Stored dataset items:
(* Let $(X,d,\mu)$, $p$, $\underline{Q}_\mu$ be as in the context, and let $S^1\in\mathcal{ADR}_0(X)$ be a closed set. Then for each $c\ge1$ there is a constant $C>0$ such that whenever $\{B_{r_i}(x_i)\}_{i=1}^{M}$, $M\in\mathbb N$, is an $(S^1,c)$-nice family with $\max_i 4cr_i\le1$, then for every $f\in L^{loc}_1(\mu\lfloor_{S^1})$, $$\sum_{i=1}^{M}\frac{\mu(B_{r_i}(x_i))}{r_i^p}\Big(\mathcal E_{\mu\lfloor_{S^1}}(f,B_{2cr_i}(x_i))\Big)^p\le C\int_{S^1}(f^\sharp_{\mu\lfloor_{S^1}}(x))^p\,d\mu(x).$$
   Context: Standing setting: $(X,d)$ complete separable metric space, $\mu$ a Borel regular locally finite outer measure, $\operatorname{supp}\mu=X$, uniformly locally doubling (for every $R>0$, $\sup_{r\in(0,R]}\sup_x\mu(B_{2r}(x))/\mu(B_r(x))<\infty$). Balls are closed, $B_r(x)=\{y:d(x,y)\le r\}$. A fixed $p\in(1,\infty)$; $X$ supports a weak local $(1,p)$-Poincaré inequality (for every $R>0$ there are $C,\lambda\ge1$ with $\inf_c\frac{1}{\mu(B_r(x))}\int_{B_r(x)}|f-c|d\mu\le Cr(\frac{1}{\mu(B_{\lambda r}(x))}\int_{B_{\lambda r}(x)}(\operatorname{lip}f)^pd\mu)^{1/p}$ for Lipschitz $f$, $x\in X$, $r\in(0,R]$). Notation: $\mathcal E_{\mathfrak m}(g,G):=\inf_{c\in\mathbb R}\mathfrak m(G)^{-1}\int_G|g-c|d\mathfrak m$ if $\mathfrak m(G)>0$, $0$ if $\mathfrak m(G)=0$; $\mathfrak m\lfloor_S(E)=\mathfrak m(E\cap S)$. $\mathcal H_{0,\delta}(E):=\inf\{\sum\mu(B_{r_i}(x_i)):E\subset\bigcup B_{r_i}(x_i),0<r_i<\delta\}$, $\mathcal H_0=\lim_{\delta\to0}\mathcal H_{0,\delta}$. $S^1\in\mathcal{ADR}_0(X)$ means $S^1$ is closed and there are $\varkappa_1,\varkappa_2>0$ with $\varkappa_1\mu(B_r(x))\le\mathcal H_0(B_r(x)\cap S^1)\le\varkappa_2\mu(B_r(x))$ for $x\in S^1$, $r\in(0,1]$. A finite family of closed balls $\{B_{r_i}(x_i)\}$ is $(S^1,c)$-nice if the balls are pairwise disjoint, $\max_ir_i\le1$, and $B_{cr_i}(x_i)\cap S^1\ne\emptyset$ for all $i$. Maximal function: $f^\sharp_{\mu\lfloor_{S^1}}(x):=\sup_{r\in(0,2]}\frac1r\mathcal E_{\mu\lfloor_{S^1}}(f,B_r(x))$. *)

theory Defs
  imports "HOL-Analysis.Analysis"
begin

definition pow_enn :: "real \<Rightarrow> ennreal \<Rightarrow> ennreal" where
  "pow_enn q t = (if t = \<infinity> then \<infinity> else ennreal (enn2real t powr q))"

definition mrestr :: "'a measure \<Rightarrow> 'a set \<Rightarrow> 'a measure" where
  "mrestr m S = density m (indicator S)"

definition mean_osc :: "'a measure \<Rightarrow> ('a \<Rightarrow> real) \<Rightarrow> 'a set \<Rightarrow> ennreal" where
  "mean_osc m g G =
     (if emeasure m G = 0 then 0
      else (INF c::real. (\<integral>\<^sup>+ y. ennreal \<bar>g y - c\<bar> * indicator G y \<partial>m) / emeasure m G))"

definition sharp_max :: "'a measure \<Rightarrow> ('a::metric_space \<Rightarrow> real) \<Rightarrow> 'a \<Rightarrow> ennreal" where
  "sharp_max m f x = (SUP r\<in>{0<..2::real}. mean_osc m f (cball x r) / ennreal r)"

definition lip :: "('a::metric_space \<Rightarrow> real) \<Rightarrow> 'a \<Rightarrow> ennreal" where
  "lip f x = Liminf (at_right (0::real))
     (\<lambda>r. SUP y\<in>cball x r. ennreal (\<bar>f y - f x\<bar> / r))"

definition H0_delta :: "'a measure \<Rightarrow> real \<Rightarrow> 'a::metric_space set \<Rightarrow> ennreal" where
  "H0_delta m \<delta> E = (INF cov \<in> {(I, xs, rs). I \<subseteq> (UNIV::nat set)
        \<and> (\<forall>i\<in>I. 0 < rs i \<and> rs i < \<delta>) \<and> E \<subseteq> (\<Union>i\<in>I. cball (xs i) (rs i))}.
      case cov of (I, xs, rs) \<Rightarrow>
        (\<Sum>i. (if i \<in> I then emeasure m (cball (xs i) (rs i)) else 0)))"

text \<open>H_0 = lim_{delta -> 0} H_{0,delta}; H_{0,delta} is nonincreasing in delta, so this is a supremum.\<close>
definition H0 :: "'a measure \<Rightarrow> 'a::metric_space set \<Rightarrow> ennreal" where
  "H0 m E = (SUP \<delta>\<in>{0<..}. H0_delta m \<delta> E)"

definition ADR0 :: "'a measure \<Rightarrow> 'a::metric_space set \<Rightarrow> bool" where
  "ADR0 m S \<longleftrightarrow> closed S \<and> (\<exists>k1 k2::real. k1 > 0 \<and> k2 > 0 \<and>
     (\<forall>x\<in>S. \<forall>r\<in>{0<..1}.
        ennreal k1 * emeasure m (cball x r) \<le> H0 m (cball x r \<inter> S)
      \<and> H0 m (cball x r \<inter> S) \<le> ennreal k2 * emeasure m (cball x r)))"

definition nice_family :: "'a::metric_space set \<Rightarrow> real \<Rightarrow> nat \<Rightarrow> (nat \<Rightarrow> 'a) \<Rightarrow> (nat \<Rightarrow> real) \<Rightarrow> bool" where
  "nice_family S c M xs rs \<longleftrightarrow>
     (\<forall>i<M. 0 < rs i \<and> rs i \<le> 1 \<and> cball (xs i) (c * rs i) \<inter> S \<noteq> {})
   \<and> (\<forall>i<M. \<forall>j<M. i \<noteq> j \<longrightarrow> cball (xs i) (rs i) \<inter> cball (xs j) (rs j) = {})"

definition loc_integrable :: "'a::metric_space measure \<Rightarrow> ('a \<Rightarrow> real) \<Rightarrow> bool" where
  "loc_integrable m f \<longleftrightarrow> (\<forall>K. compact K \<longrightarrow> set_integrable m K f)"

definition standing_setting :: "'a::polish_space measure \<Rightarrow> real \<Rightarrow> bool" where
  "standing_setting m p \<longleftrightarrow>
     sets m = sets borel \<and>
     (\<forall>x. \<exists>r>0. emeasure m (cball x r) < \<infinity>) \<and>
     (\<forall>U. open U \<and> U \<noteq> {} \<longrightarrow> emeasure m U > 0) \<and>
     (\<forall>R>0. \<exists>D::real. \<forall>r\<in>{0<..R}. \<forall>x.
         emeasure m (cball x (2*r)) \<le> ennreal D * emeasure m (cball x r)) \<and>
     1 < p \<and>
     (\<forall>R>0. \<exists>C lam::real. C \<ge> 1 \<and> lam \<ge> 1 \<and>
        (\<forall>f::'a \<Rightarrow> real. (\<exists>L. L-lipschitz_on UNIV f) \<longrightarrow>
          (\<forall>x. \<forall>r\<in>{0<..R}.
             mean_osc m f (cball x r) \<le> ennreal (C * r) *
               pow_enn (1/p) ((\<integral>\<^sup>+ y. pow_enn p (lip f y) * indicator (cball x (lam*r)) y \<partial>m)
                               / emeasure m (cball x (lam*r))))))"

end

theory Submission
  imports Defs
begin

text \<open>
  Choose y_i in S1 with d(x_i, y_i) <= c r_i and let A_i = B(y_i, r_i) \<inter> S1. For z in A_i the
  ball B(x_i, 2c r_i) contains A_i and lies in B(z, 4c r_i). The lower ADR bound, combined with
  H_0(K) <= D \<mu>(K) for closed bounded K (cover K by a maximal separated net), gives
  \<mu>(B(y, r)) <= L \<mu>(B(y, r) \<inter> S1) for y in S1. With doubling, the two balls therefore have
  comparable \<mu>|S1-measure, so the mean oscillation over B(x_i, 2c r_i) is at most a constant
  times r_i f#(z) for every z in A_i, and the i-th term is at most C \<mu>(B(x_i, r_i)) inf_{A_i} (f#)^p.
  The A_i may overlap, but selecting balls by decreasing radius (as in Vitali's covering lemma)
  gives the packing bound sum_{i in J} \<mu>(B(x_i, r_i)) <= \<Lambda> \<mu>(\<Union>_{i in J} A_i) for every J,
  and a discrete layer-cake argument turns this into the integral bound.
\<close>

section \<open>Mean oscillation and the sharp maximal function\<close>

lemma cball_subset_cball_dist:
  fixes x y :: "'a::metric_space"
  assumes "dist x y + r \<le> s"
  shows "cball y r \<subseteq> cball x s"
  unfolding subset_iff mem_cball using assms by (meson add_left_mono dist_triangle order_trans)

lemma pow_enn_mono:
  assumes "p > 0" "s \<le> t"
  shows "pow_enn p s \<le> pow_enn p t"
proof (cases "t = \<infinity>")
  case False
  then have "s \<noteq> \<infinity>" "enn2real s \<le> enn2real t"
    using assms(2) by (auto simp: top_unique enn2real_mono top.not_eq_extremum)
  then show ?thesis using False assms(1)
    by (auto simp: pow_enn_def intro!: ennreal_leI powr_mono2)
qed (simp add: pow_enn_def)

lemma pow_enn_mult:
  assumes "p > 0" "a \<ge> 0"
  shows "pow_enn p (ennreal a * t) = ennreal (a powr p) * pow_enn p t"
proof (cases "t = \<infinity>")
  case True
  then show ?thesis
    using assms by (cases "a = 0") (simp_all add: pow_enn_def ennreal_mult_top)
next
  case False
  then have "ennreal a * t \<noteq> \<infinity>" by (simp add: ennreal_mult_eq_top_iff)
  moreover have "enn2real (ennreal a * t) = a * enn2real t" using assms by (simp add: enn2real_mult)
  ultimately show ?thesis using False assms
    by (simp add: pow_enn_def powr_mult ennreal_mult[symmetric])
qed

lemma ennreal_le_mult_INF:
  fixes a k :: ennreal
  assumes "I \<noteq> {}" "k < \<infinity>" "\<And>i. i \<in> I \<Longrightarrow> a \<le> k * f i"
  shows "a \<le> k * (INF i\<in>I. f i)"
proof (cases "k = 0")
  case False
  then have "a / k \<le> (INF i\<in>I. f i)"
    using assms(3) by (intro INF_greatest divide_le_posI_ennreal) (auto simp: zero_less_iff_neq_zero)
  then have "k * (a / k) \<le> k * (INF i\<in>I. f i)" by (rule mult_left_mono) auto
  then show ?thesis
    using False assms(2) by (simp add: ennreal_times_divide ennreal_mult_divide_eq mult.commute)
qed (use assms in auto)

lemma sets_mrestr [simp]: "sets (mrestr \<mu> S) = sets \<mu>"
  by (simp add: mrestr_def)
lemma perm_form_reordering:
  assumes len: "length w = m" and std: "standardized w"
    and e_bij: "bij_betw e {1..card (Suc ` positive_positions w)} (Suc ` positive_positions w)"
    and e_mono: "strict_mono_on {1..card (Suc ` positive_positions w)} e"
  shows "perm_form m (reordering w e) (\<lambda>i. if i \<in> Suc ` positive_positions w then -2 else -1) = w"
proof -
  define G where "G = Suc ` positive_positions w"
  have G_sub: "G \<subseteq> {1..m}"
    using len by (auto simp: G_def positive_positions_def)
  have "map (\<lambda>i. if i \<in> G then int (reordering w e i) else -1) [1..<m+1] =
      map (\<lambda>x. if 0 < x then int (e (nat x)) else x) w"
  proof (rule nth_equalityI)
    fix j assume "j < length (map (\<lambda>i. if i \<in> G then int (reordering w e i) else -1) [1..<m+1])"
    then have j: "j < m" by (simp del: upt_Suc)
    have "Suc j \<in> G \<longleftrightarrow> 0 < w ! j"
      using j len by (auto simp: G_def positive_positions_def)
    moreover have "w ! j = -1 \<or> 0 < w ! j"
      using std j len by (simp add: standardized_def)
    ultimately show "map (\<lambda>i. if i \<in> G then int (reordering w e i) else -1) [1..<m+1] ! j =
        map (\<lambda>x. if 0 < x then int (e (nat x)) else x) w ! j"
      using j len by (auto simp: nth_map_upt reordering_def G_def simp del: upt_Suc)
  qed (simp add: len)
  also have "std_pos \<dots> = w"
    using std e_mono bij_betwE[OF e_bij] G_sub
    by (intro std_pos_relabel) (auto simp: G_def card_image)
  finally show ?thesis
    unfolding G_def[symmetric]
    using perm_form_supported[OF reordering_permutes[OF std e_bij, folded G_def] G_sub] by simp
qed
lemma prime_power_imp_in:
  assumes "prime_ideal R P" "a \<in> R" "a ^ n \<in> P"
  shows "a \<in> P"
  using assms(3)
proof (induction n)
  case 0 then show ?case using prime_one_notin[OF assms(1)] by simp
next
  case (Suc n) then show ?case
    using prime_idealD(3)[OF assms(1) assms(2) power_in_R[OF assms(2)]] by auto
qed

lemma prime_power_notin: "prime_ideal R P \<Longrightarrow> a \<in> R \<Longrightarrow> a \<notin> P \<Longrightarrow> a ^ n \<notin> P"
  using prime_power_imp_in by blast

lemma prime_in_R: "prime_ideal R P \<Longrightarrow> x \<in> P \<Longrightarrow> x \<in> R"
  using prime_idealD(1) rideal_in_R by blast

lemma t_prime_if_top_t_subset:
  assumes P: "prime_ideal R P" "P \<noteq> {0}" and top: "top_t R P \<subseteq> P"
  shows "t_prime R P"
proof -
  have "rideal R P" using prime_idealD(1)[OF P(1)] .
  then have "t_ideal R P" unfolding t_ideal_def using P(2) top top_t_superset by blast
  then show ?thesis unfolding t_prime_def using P(1) by simp
qed

lemma rideal_add_multiples:
  assumes Q: "rideal R Q" and a: "a \<in> R"
  shows "rideal R {q + r * a | q r. q \<in> Q \<and> r \<in> R}" (is "rideal R ?N")
  unfolding rideal_def rsubmodule_def
proof (intro conjI ballI)
  show "0 \<in> ?N" using Q rideal_zero by (auto intro!: exI[of _ 0])
next
  fix x y assume "x \<in> ?N" "y \<in> ?N"
  then obtain q1 r1 q2 r2 where "q1 \<in> Q" "r1 \<in> R" "q2 \<in> Q" "r2 \<in> R" "x = q1 + r1 * a" "y = q2 + r2 * a"
    by blast
  moreover then have "x + y = (q1 + q2) + (r1 + r2) * a" by (simp add: algebra_simps)
  moreover have "q1 + q2 \<in> Q" using rideal_add[OF Q] calculation by blast
  moreover have "r1 + r2 \<in> R" using calculation by blast
  ultimately show "x + y \<in> ?N" by blast
next
  fix c x assume "c \<in> R" "x \<in> ?N"
  then obtain q1 r1 where "q1 \<in> Q" "r1 \<in> R" "x = q1 + r1 * a" by blast
  moreover then have "c * x = (c * q1) + (c * r1) * a" by (simp add: algebra_simps)
  moreover have "c * q1 \<in> Q"
    using rideal_mult_left[OF Q \<open>c \<in> R\<close>] calculation by blast
  moreover have "c * r1 \<in> R" using calculation \<open>c \<in> R\<close> by blast
  ultimately show "c * x \<in> ?N" by blast
next
  show "?N \<subseteq> R" using Q a rideal_in_R by blast
qed

lemma rideal_add_mult:
  assumes D: "rideal R D" and g: "\<And>d. d \<in> D \<Longrightarrow> g * d \<in> R"
  shows "rideal R {d + g * d' | d d'. d \<in> D \<and> d' \<in> D}" (is "rideal R ?E")
  unfolding rideal_def rsubmodule_def
proof (intro conjI ballI)
  have "0 + g * 0 \<in> ?E" using rideal_zero[OF D] by blast
  then show "0 \<in> ?E" by simp
next
  fix a b assume "a \<in> ?E" "b \<in> ?E"
  then obtain d1 e1 d2 e2 where de: "d1 \<in> D" "e1 \<in> D" "d2 \<in> D" "e2 \<in> D"
    and ab: "a = d1 + g * e1" "b = d2 + g * e2" by blast
  have "a + b = (d1 + d2) + g * (e1 + e2)" unfolding ab by (simp add: algebra_simps)
  moreover have "d1 + d2 \<in> D" "e1 + e2 \<in> D" using de rideal_add[OF D] by auto
  ultimately show "a + b \<in> ?E" by blast
next
  fix r a assume r: "r \<in> R" and "a \<in> ?E"
  then obtain d e where de: "d \<in> D" "e \<in> D" and a: "a = d + g * e" by blast
  have "r * a = r * d + g * (r * e)" unfolding a by (simp add: algebra_simps)
  moreover have "r * d \<in> D" "r * e \<in> D" using de rideal_mult_left[OF D r] by auto
  ultimately show "r * a \<in> ?E" by blast
next
  show "?E \<subseteq> R" using g rideal_in_R[OF D] add_in_R by blast
qed
(* Let $2\le m\le n$. Then for every subgroup $H$ of $\mathrm{Sp}(n,1)$ which is conjugate in $\mathrm{Sp}(n,1)$ to $I_{n-m}\oplus\mathrm{SU}(m,1)$, the set of traces of the elements of $H$ is not contained in $\mathbb R$.
   Context: $\mathbb H$ denotes the quaternions. $\mathrm{Sp}(n,1)=\{A\in\mathrm{GL}(n+1,\mathbb H): A^*I_{n,1}A=I_{n,1}\}$ with $A^*$ the conjugate transpose and $I_{n,1}=\mathrm{diag}(1,\dots,1,-1)$. $\mathrm{SU}(m,1)$ is the group of complex $(m+1)\times(m+1)$ matrices of determinant $1$ preserving $I_{m,1}$. $I_{n-m}\oplus\mathrm{SU}(m,1)$ is the subgroup of block diagonal matrices with the $(n-m)\times(n-m)$ identity in the upper left block and an element of $\mathrm{SU}(m,1)$ in the lower right block. The trace of a quaternionic matrix is the sum of its diagonal entries. *)

theory Defs
  imports Complex_Main "Jordan_Normal_Form.Matrix" "Jordan_Normal_Form.Determinant"
begin

datatype quat = Quat (qRe: real) (qI: real) (qJ: real) (qK: real)

lemma quat_eq_iff: "x = y \<longleftrightarrow> qRe x = qRe y \<and> qI x = qI y \<and> qJ x = qJ y \<and> qK x = qK y"
  by (cases x; cases y) auto

instantiation quat :: ring_1
begin
definition "0 = Quat 0 0 0 0"
definition "1 = Quat 1 0 0 0"
definition "x + y = Quat (qRe x + qRe y) (qI x + qI y) (qJ x + qJ y) (qK x + qK y)"
definition "x - y = Quat (qRe x - qRe y) (qI x - qI y) (qJ x - qJ y) (qK x - qK y)"
definition "- x = Quat (- qRe x) (- qI x) (- qJ x) (- qK x)"
definition "x * y = Quat
   (qRe x * qRe y - qI x * qI y - qJ x * qJ y - qK x * qK y)
   (qRe x * qI y + qI x * qRe y + qJ x * qK y - qK x * qJ y)
   (qRe x * qJ y - qI x * qK y + qJ x * qRe y + qK x * qI y)
   (qRe x * qK y + qI x * qJ y - qJ x * qI y + qK x * qRe y)"
instance
  by standard (simp_all add: quat_eq_iff zero_quat_def one_quat_def plus_quat_def minus_quat_def
      uminus_quat_def times_quat_def algebra_simps)
end

definition qcnj :: "quat \<Rightarrow> quat" where
  "qcnj x = Quat (qRe x) (- qI x) (- qJ x) (- qK x)"

definition qreal :: "quat set" where
  "qreal = {x. qI x = 0 \<and> qJ x = 0 \<and> qK x = 0}"

definition quat_of_complex :: "complex \<Rightarrow> quat" where
  "quat_of_complex z = Quat (Re z) (Im z) 0 0"

definition qadjoint :: "quat mat \<Rightarrow> quat mat" where
  "qadjoint A = transpose_mat (map_mat qcnj A)"

definition cadjoint :: "complex mat \<Rightarrow> complex mat" where
  "cadjoint A = transpose_mat (map_mat cnj A)"

definition qtrace :: "quat mat \<Rightarrow> quat" where
  "qtrace A = (\<Sum>i<dim_row A. A $$ (i, i))"

definition I_form :: "nat \<Rightarrow> 'a::ring_1 mat" where
  "I_form k = mat (k + 1) (k + 1) (\<lambda>(i, j). if i = j then (if i = k then -1 else 1) else 0)"

definition Sp :: "nat \<Rightarrow> quat mat set" where
  "Sp n = {A \<in> carrier_mat (n + 1) (n + 1).
             invertible_mat A \<and> qadjoint A * I_form n * A = I_form n}"

definition SU :: "nat \<Rightarrow> complex mat set" where
  "SU m = {B \<in> carrier_mat (m + 1) (m + 1).
             det B = 1 \<and> cadjoint B * I_form m * B = I_form m}"

definition block_embed :: "nat \<Rightarrow> nat \<Rightarrow> complex mat \<Rightarrow> quat mat" where
  "block_embed n m B = four_block_mat (1\<^sub>m (n - m)) (0\<^sub>m (n - m) (m + 1))
                                      (0\<^sub>m (m + 1) (n - m)) (map_mat quat_of_complex B)"

definition ISU :: "nat \<Rightarrow> nat \<Rightarrow> quat mat set" where
  "ISU n m = block_embed n m ` SU m"

end

theory Submission
  imports Defs
begin

(* Write eps_i for the diagonal entries of I_{n,1}.  For g in Sp(n,1) the inverse is I_{n,1} g^* I_{n,1},
   so the trace of g D g^-1, with D diagonal, is sum_k eps_k sum_i eps_i g_ik d_k conj(g_ik).  For complex
   d_k its vector part is sum_k Im(d_k) eps_k T(g e_k) with T(v) = sum_i eps_i v_i i conj(v_i).  If all
   traces of g (I_{n-m} + SU(m,1)) g^-1 were real, the three elements diag(x, y, 1, ..., 1, w) of SU(m,1)
   with {x, y, w} = {i, i, -1} would force T(g e_n) = 0.  Writing v_i = alpha_i + conj(gamma_i) j, the
   condition T(v) = 0 says that alpha and gamma are orthogonal and of equal norm for the complex Hermitian
   form of signature (n,1), while <v, v> = -1 for the last column v of g makes that norm negative.  Two
   orthogonal vectors of negative norm cannot exist in signature (n,1). *)

definition diagonal :: "nat \<Rightarrow> (nat \<Rightarrow> 'a::zero) \<Rightarrow> 'a mat" where
  "diagonal N d = mat N N (\<lambda>(i, j). if i = j then d i else 0)"

lemma diagonal_carrier [simp]: "diagonal N d \<in> carrier_mat N N"
  and dim_row_diagonal [simp]: "dim_row (diagonal N d) = N"
  and dim_col_diagonal [simp]: "dim_col (diagonal N d) = N"
  by (simp_all add: diagonal_def)

lemma index_diagonal [simp]:
  "i < N \<Longrightarrow> j < N \<Longrightarrow> diagonal N d $$ (i, j) = (if i = j then d i else 0)"
  by (simp add: diagonal_def)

Description of the task :: For each line above that contains the word "entries", make a copy.

Task result ::
   Context: $\mathbb H$ denotes the quaternions. $\mathrm{Sp}(n,1)=\{A\in\mathrm{GL}(n+1,\mathbb H): A^*I_{n,1}A=I_{n,1}\}$ with $A^*$ the conjugate transpose and $I_{n,1}=\mathrm{diag}(1,\dots,1,-1)$. $\mathrm{SU}(m,1)$ is the group of complex $(m+1)\times(m+1)$ matrices of determinant $1$ preserving $I_{m,1}$. $I_{n-m}\oplus\mathrm{SU}(m,1)$ is the subgroup of block diagonal matrices with the $(n-m)\times(n-m)$ identity in the upper left block and an element of $\mathrm{SU}(m,1)$ in the lower right block. The trace of a quaternionic matrix is the sum of its diagonal entries. *)
(* Write eps_i for the diagonal entries of I_{n,1}.  For g in Sp(n,1) the inverse is I_{n,1} g^* I_{n,1},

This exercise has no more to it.